Abstract:The fundamental goal of self-supervised learning (SSL) is to produce useful representations of data without access to any labels for classifying the data. Modern methods in SSL, which form representations based on known or constructed relationships between samples, have been particularly effective at this task. Here, we aim to extend this framework to incorporate algorithms based on kernel methods where embeddings are constructed by linear maps acting on the feature space of a kernel.

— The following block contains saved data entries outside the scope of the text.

(* Let $p\in[2,\infty)$. There exists a constant $C=C(a,b,d,K,L,\varrho,p)>0$ such that for every $n\ge\lfloor b-a\rfloor+1$ satisfying $Lh<1$ (with $h=(b-a)/n$) and every $(\eta,f)\in F^\varrho(a,b,d,K,L)$, $$\Bigl(\mathbb{E}\Bigl[\max_{0\le j\le n}\bigl\|z(t_j)-V^j_{S2}\bigr\|^p\Bigr]\Bigr)^{1/p}\le C h^{\varrho+\frac12},$$ where $z$ is the solution of $z'(t)=f(t,z(t))$, $t\in[a,b]$, $z(a)=\eta$, and $V^j_{S2}$ are the values produced by the implicit randomized RK2 scheme (S2).
   Context: Let $-\infty<a<b<\infty$, $d\in\mathbb{Z}_+$, $\varrho\in(0,1]$, $K,L\in(0,\infty)$. The class $F^\varrho=F^\varrho(a,b,d,K,L)$ consists of pairs $(\eta,f)$ with $\eta\in\mathbb{R}^d$, $f\colon[a,b]\times\mathbb{R}^d\to\mathbb{R}^d$ such that: $\|\eta\|\le K$; $f$ is continuous; $\|f(t,x)\|\le K(1+\|x\|)$ for all $(t,x)$; $\|f(t,x)-f(s,x)\|\le L|t-s|^\varrho$ for all $t,s\in[a,b]$, $x\in\mathbb{R}^d$; $\|f(t,x)-f(t,y)\|\le L\|x-y\|$ for all $t\in[a,b]$, $x,y\in\mathbb{R}^d$. For $n\in\mathbb{Z}_+$ put $h=(b-a)/n$, $t_j=a+jh$. Let $\tau_1,\tau_2,\ldots$ be independent random variables uniformly distributed on $[0,1]$ on a complete probability space; $\theta_j=t_{j-1}+h\tau_j$. The implicit randomized RK2 scheme (S2) is: $V^0=\eta$, and for $j=1,\ldots,n$: $V^j=V^{j-1}+hf(\theta_j,(1-\tau_j)V^{j-1}+\tau_jV^j)$ (the almost surely unique solution of this implicit equation, which exists when $Lh<1$). *)

theory Defs
  imports "HOL-Probability.Probability"
begin

text \<open>The class F^rho(a,b,d,K,L); the dimension d is the dimension of the
  Euclidean space 'a.\<close>
definition F_class ::
  "real \<Rightarrow> real \<Rightarrow> real \<Rightarrow> real \<Rightarrow> real \<Rightarrow> 'a::euclidean_space \<Rightarrow> (real \<Rightarrow> 'a \<Rightarrow> 'a) \<Rightarrow> bool"
  where "F_class a b rho K L eta f \<longleftrightarrow>
     norm eta \<le> K \<and>
     continuous_on ({a..b} \<times> UNIV) (\<lambda>(t, x). f t x) \<and>
     (\<forall>t\<in>{a..b}. \<forall>x. norm (f t x) \<le> K * (1 + norm x)) \<and>
     (\<forall>t\<in>{a..b}. \<forall>s\<in>{a..b}. \<forall>x. norm (f t x - f s x) \<le> L * \<bar>t - s\<bar> powr rho) \<and>
     (\<forall>t\<in>{a..b}. \<forall>x y. norm (f t x - f t y) \<le> L * norm (x - y))"

text \<open>The implicit randomized RK2 scheme (S2), for given realizations tau j of
  the random variables (tau 0 is unused; step j uses tau j).\<close>
fun rk2_implicit ::
  "real \<Rightarrow> real \<Rightarrow> (nat \<Rightarrow> real) \<Rightarrow> 'a::euclidean_space \<Rightarrow> (real \<Rightarrow> 'a \<Rightarrow> 'a) \<Rightarrow> nat \<Rightarrow> 'a"
  where
    "rk2_implicit a h tau eta f 0 = eta"
  | "rk2_implicit a h tau eta f (Suc j) =
       (let v = rk2_implicit a h tau eta f j;
            s = tau (Suc j);
            theta = a + real j * h + h * s
        in THE w. w = v + h *\<^sub>R f theta ((1 - s) *\<^sub>R v + s *\<^sub>R w))"

end

theory Submission
  imports Defs
begin

text \<open>Write \<open>e_j = z(t_j) - V^j\<close>. Subtracting the scheme from the exact increments gives
  \<open>e_j = \<Sum>_(k\<le>j) D_k + h \<Sum>_(k\<le>j) S_k\<close>, where the local defects
  \<open>D_k = z(t_k) - z(t_(k-1)) - h f(\<theta>_k, z(\<theta>_k))\<close> are independent, of size \<open>O(h^(\<rho>+1))\<close> by the
  Hoelder continuity of \<open>t \<mapsto> f(t, z(t))\<close>, and centred because \<open>\<theta>_k\<close> is uniform on
  \<open>[t_(k-1), t_k]\<close>; the stage errors \<open>S_k\<close> are bounded by \<open>L (|e_(k-1)| + |e_k|)\<close> plus an
  interpolation error of the same order \<open>h^(\<rho>+1)\<close>. Since \<open>L h\<close> stays uniformly below 1, a discrete
  Gronwall argument bounds \<open>max_j |e_j|\<close> pathwise by the maximal partial sum of the \<open>D_k\<close> plus
  \<open>O(h^(\<rho>+1))\<close>. Coordinatewise, Hoeffding's lemma and a dyadic chaining argument give
  \<open>E max_i |\<Sum>_(k\<le>i) D_k|^p \<le> C (n h^(2\<rho>+2))^(p/2) = C' h^(p(\<rho>+1/2))\<close>.\<close>

section \<open>Maximal moments of sums of bounded independent centred variables\<close>

lemma (in finite_measure) integrable_bounded:
  fixes f :: "'a \<Rightarrow> real"
  assumes "f \<in> borel_measurable M" and "\<And>x. x \<in> space M \<Longrightarrow> \<bar>f x\<bar> \<le> B"
  shows "integrable M f"
  by (rule integrable_const_bound[where B=B]) (use assms in \<open>auto intro: AE_I2\<close>)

In this kernel regime, we derive methods to find the optimal form of the output representations for contrastive and non-contrastive loss functions. This procedure produces a new representation space with an inner product denoted as the induced kernel which generally correlates points which are related by an augmentation in kernel space and de-correlates points otherwise. We analyze our kernel model on small datasets to identify common features of self-supervised learning algorithms and gain theoretical insights into their performance on downstream tasks.